Thank you Mark, we ended up stopping in Rock Island to get a new wheel for the Mountain bike. It cost $125, but most places I called quoted $150 and most did not have all the parts to make a match wheel for this bike. Kudos to Century Cycles for being open till 8PM and staying till 8:15 PM to get us back on our way. Knowing the bad day we had had so far, he gave us a better deal on the tire.

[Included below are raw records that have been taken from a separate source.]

(* Let $n\geq3$ and $\lambda=(\lambda_1,\dots,\lambda_n)\in\mathbb{R}^n$ with $\lambda_1+\dots+\lambda_n>0$ and $N(\lambda)=n$. Then for every integer $k\geq1$, \[\sum_{P\in\mathcal{P}^k_{ord}(\lambda)}(-1)^{|P|}\varepsilon(P)\varepsilon'(P)=0.\]
   Context: $s_J(\lambda)=\sum_{i\in J}\lambda_i$. $\delta(\lambda)$ is the minimum of $s_J(\lambda)/|J|$ over subsets $J$ with $s_J(\lambda)>0$; when $\delta(\lambda)>0$, $N(\lambda)$ is the minimum of $|J|$ over subsets $J$ with $s_J(\lambda)/|J|=\delta(\lambda)$. Ordered partitions $P=(I_1,\dots,I_r)$ of $\{1,\dots,n\}$ into nonempty blocks, $|P|=r$. $\mathcal{P}_{ord}(\lambda)$: those with $s_{I_1}(\lambda)+\dots+s_{I_i}(\lambda)>0$ for all $i$. $\mathcal{P}^k_{ord}(\lambda)$: those in $\mathcal{P}_{ord}(\lambda)$ having exactly $2k$ or $2k+1$ blocks of odd cardinality. $\varepsilon(P)=\mathrm{sgn}(\sigma_P)$, where $\sigma_P$ is the unique permutation with $\sigma_P^{-1}$ mapping $\{n_1+\dots+n_i+1,\dots,n_1+\dots+n_{i+1}\}$ increasingly onto $I_{i+1}$ ($n_i=|I_i|$); $\varepsilon'(P)=(-1)^{\frac12\sum_i|I_i|(|I_i|-1)}$. *)

theory Defs
  imports Complex_Main "HOL-Combinatorics.Permutations"
begin

(* lambda = (lam 1, ..., lam n); values of lam outside {1..n} are irrelevant. *)

definition sJ :: "(nat \<Rightarrow> real) \<Rightarrow> nat set \<Rightarrow> real" where
  "sJ lam J = (\<Sum>i\<in>J. lam i)"

definition delta :: "nat \<Rightarrow> (nat \<Rightarrow> real) \<Rightarrow> real" where
  "delta n lam = Min {sJ lam J / real (card J) | J. J \<subseteq> {1..n} \<and> sJ lam J > 0}"

definition Nlam :: "nat \<Rightarrow> (nat \<Rightarrow> real) \<Rightarrow> nat" where
  "Nlam n lam = Min {card J | J. J \<subseteq> {1..n} \<and> sJ lam J / real (card J) = delta n lam}"

definition ord_partitions :: "nat \<Rightarrow> nat set list set" where
  "ord_partitions n = {P. (\<forall>I\<in>set P. I \<noteq> {}) \<and>
      (\<forall>i<length P. \<forall>j<length P. i \<noteq> j \<longrightarrow> P ! i \<inter> P ! j = {}) \<and>
      \<Union>(set P) = {1..n}}"

definition Pord :: "nat \<Rightarrow> (nat \<Rightarrow> real) \<Rightarrow> nat set list set" where
  "Pord n lam = {P \<in> ord_partitions n.
      \<forall>i\<in>{1..length P}. sum_list (map (sJ lam) (take i P)) > 0}"

definition odd_blocks :: "nat set list \<Rightarrow> nat" where
  "odd_blocks P = length (filter (\<lambda>I. odd (card I)) P)"

definition Pord_k :: "nat \<Rightarrow> (nat \<Rightarrow> real) \<Rightarrow> nat \<Rightarrow> nat set list set" where
  "Pord_k n lam k = {P \<in> Pord n lam. odd_blocks P = 2*k \<or> odd_blocks P = 2*k+1}"
private lemma in_open_interval:
  "y \<in> open_interval u v \<Longrightarrow> y \<in> P \<and> lt_on le u y \<and> lt_on le y v \<and> rk u < rk y \<and> rk y < rk v"
  using rk_open_interval[OF _ u v] unfolding open_interval_def by blast

private lemma signed_chain_count_last_odd:
  "signed_chain_count u v = 2 ^ (rk v - Suc (rk u))
    - (\<Sum>y\<in>{y \<in> open_interval u v. odd (rk y - rk u)}. signed_chain_count u y * 2 ^ (rk v - Suc (rk y)))"
proof -
  have "(\<Sum>y\<in>open_interval u v. signed_chain_count u y * 2 ^ (rk v - Suc (rk y)))
      = (\<Sum>y\<in>{y \<in> open_interval u v. odd (rk y - rk u)}. signed_chain_count u y * 2 ^ (rk v - Suc (rk y)))"
    using in_open_interval shorter_even_vanish[OF u]
    by (intro sum.mono_neutral_right finite_open_interval) auto
  then show ?thesis
    using signed_chain_count_last[OF u v] by simp
qed

private lemma signed_chain_count_first_even:
  assumes y: "y \<in> open_interval u v" and y_odd: "odd (rk y - rk u)"
  shows "signed_chain_count u y = 2 ^ (rk y - Suc (rk u))
    - (\<Sum>z\<in>{z \<in> open_interval u v. even (rk z - rk u) \<and> lt_on le z y}. 2 ^ (rk z - Suc (rk u)) * signed_chain_count z y)"
proof -
  have "(\<Sum>z\<in>open_interval u y. 2 ^ (rk z - Suc (rk u)) * signed_chain_count z y)
      = (\<Sum>z\<in>{z \<in> open_interval u v. even (rk z - rk u) \<and> lt_on le z y}. 2 ^ (rk z - Suc (rk u)) * signed_chain_count z y)"
    unfolding open_interval_left[OF u v y]
  proof (intro sum.mono_neutral_right ballI)
    fix z assume z: "z \<in> {z \<in> open_interval u v. lt_on le z y} - {z \<in> open_interval u v. even (rk z - rk u) \<and> lt_on le z y}"
    then have "z \<in> open_interval u v" "lt_on le z y" "odd (rk z - rk u)"
      by auto
    with y y_odd show "2 ^ (rk z - Suc (rk u)) * signed_chain_count z y = 0"
      using in_open_interval[OF y] in_open_interval[of z] rk_strict_mono[of z y]
      by (subst shorter_even_vanish) auto
  qed (auto simp: finite_open_interval)
  then show ?thesis
    using signed_chain_count_first[OF u] in_open_interval[OF y] by simp
qed

private lemma sum_signed_chain_count_odd:
  assumes z: "z \<in> open_interval u v" and z_even: "even (rk z - rk u)" and uv_even: "even (rk v - rk u)"
  shows "(\<Sum>y\<in>{y \<in> open_interval u v. odd (rk y - rk u) \<and> lt_on le z y}. signed_chain_count z y * 2 ^ (rk v - Suc (rk y)))
    = 2 ^ (rk v - Suc (rk z))"
proof -
  have "(\<Sum>y\<in>open_interval z v. signed_chain_count z y * 2 ^ (rk v - Suc (rk y)))
      = (\<Sum>y\<in>{y \<in> open_interval u v. odd (rk y - rk u) \<and> lt_on le z y}. signed_chain_count z y * 2 ^ (rk v - Suc (rk y)))"
    unfolding open_interval_right[OF u v z]
  proof (intro sum.mono_neutral_right ballI)
    fix y assume y: "y \<in> {y \<in> open_interval u v. lt_on le z y} - {y \<in> open_interval u v. odd (rk y - rk u) \<and> lt_on le z y}"
    then have "y \<in> open_interval u v" "lt_on le z y" "even (rk y - rk u)"
      by auto
    with z z_even show "signed_chain_count z y * 2 ^ (rk v - Suc (rk y)) = 0"
      using in_open_interval[OF z] in_open_interval[of y] rk_strict_mono[of z y]
      by (subst shorter_even_vanish) auto
  qed (auto simp: finite_open_interval)
  moreover have "signed_chain_count z v = 0"
    using in_open_interval[OF z] z_even uv_even v by (intro shorter_even_vanish) auto
  ultimately show ?thesis
    using signed_chain_count_last[OF _ v, of z] in_open_interval[OF z] by simp
qed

Even came out to the truck to put it on so we did not have to take all 3 bikes off the rack to install it. 
Ended up driving till 1 AM to make up lost time, spent the night in another Wal-Mart parking lot (Rochester) and back on the road at 7:30AM. Get to Quebec this afternoon.


----------



## Dan H.

Thanks for the note of caution.

Does anyone know the torque specs for the nuts, or do I not need them?

Is it possible to put some type of safety device on the nuts to keep them from backing off after being secured (safety wire, cotter pin, secondary nut, etc.)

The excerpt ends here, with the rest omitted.